# Motobecane Messenger single speed



## lapdog (Aug 27, 2007)

Anyone bought one of these bikes? Bikes Direct have these for $349. Sounds cheap.


----------



## WVJon75 (Jul 23, 2006)

I have the Mercier Kilo which is basically the same thing and it was worth every penny.


----------



## robcycle (May 10, 2006)

lapdog said:


> Sounds cheap.


You might be right. 

If it were me, I would convert an old road bike and beat the hell out of it.

-Rob.


----------



## Grindmonkey7 (Apr 5, 2005)

*Yes. I have a Messenger.*

I think it is worth the price. I've had mine for 2 months now and I ride it more than my other bikes, road use only. I have gotten the upgrade components bug. I plan to change
the drive train and wheels at some point, maybe the handle bar as well and the brakes.
What I'm saying is the frame is very nice, I wanted steel. I like the idea of the horizontal track ends and the track spacing on the fork ends. The bike rides fine, there is an intermintent creaking somewhere in the drivetrain. Possibly in the freewheel.
As far as conversion of an older bike, I've done that and this new MB bike is better as far as ride quality goes.
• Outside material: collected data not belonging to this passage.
(* Let $X$ be a graph with real symmetric Hamiltonian $M$, let $a\neq b$ be vertices, and let $s\in\mathbb{R}\setminus\{-1,0,1\}$. Then perfect state transfer occurs from $\mathbf e_a+s\mathbf e_b$ to $\mathbf e_b+s\mathbf e_a$ at time $\tau$ if and only if perfect state transfer occurs from $\mathbf e_a$ to $\mathbf e_b$ at time $\tau$.
   Context: $U(t)=e^{-\mathrm{i}tM}$. Perfect state transfer from $\mathbf u$ to $\boldsymbol\mu$ (vectors of equal norm) at time $\tau>0$ means $U(\tau)\mathbf u=\eta\boldsymbol\mu$ for some complex $\eta$ with $|\eta|=1$. *)

theory Defs
  imports "HOL-Analysis.Analysis"
begin

definition cmat_pow :: "complex^'n^'n \<Rightarrow> nat \<Rightarrow> complex^'n^'n" where
  "cmat_pow A k = (((**) A) ^^ k) (mat 1)"

definition cmat_exp :: "complex^'n^'n \<Rightarrow> complex^'n^'n" where
  "cmat_exp A = (\<Sum>k. (1 / fact k) *\<^sub>R cmat_pow A k)"

definition transition :: "real^'n^'n \<Rightarrow> real \<Rightarrow> complex^'n^'n" where
  "transition M t = cmat_exp (\<chi> i j. - \<i> * complex_of_real t * complex_of_real (M $ i $ j))"

definition evec :: "'n::finite \<Rightarrow> complex^'n" where
  "evec a = axis a 1"

definition pst :: "real^'n^'n \<Rightarrow> complex^'n \<Rightarrow> complex^'n \<Rightarrow> real \<Rightarrow> bool" where
  "pst M u \<mu> \<tau> \<longleftrightarrow> \<tau> > 0 \<and> norm u = norm \<mu> \<and>
     (\<exists>\<eta>::complex. cmod \<eta> = 1 \<and> transition M \<tau> *v u = \<eta> *s \<mu>)"

end

theory Submission
  imports Defs
begin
Of course you could spend more and go for a Bianchi, Kona, Surly, Schwinn or SE. All are nice options.


----------



## Sasquatchcycles (Jul 19, 2007)

Nothing wrong with the bike at all IMHO...steel frame, decent spec, low price. You could of course buy an old bike, strip it, and build it up with a similar spec for less money, but not that much less...with that said, I've never purchased anything from bikesdirect but I don't think Motobecane deserves the bike snobbery I sometimes see.


----------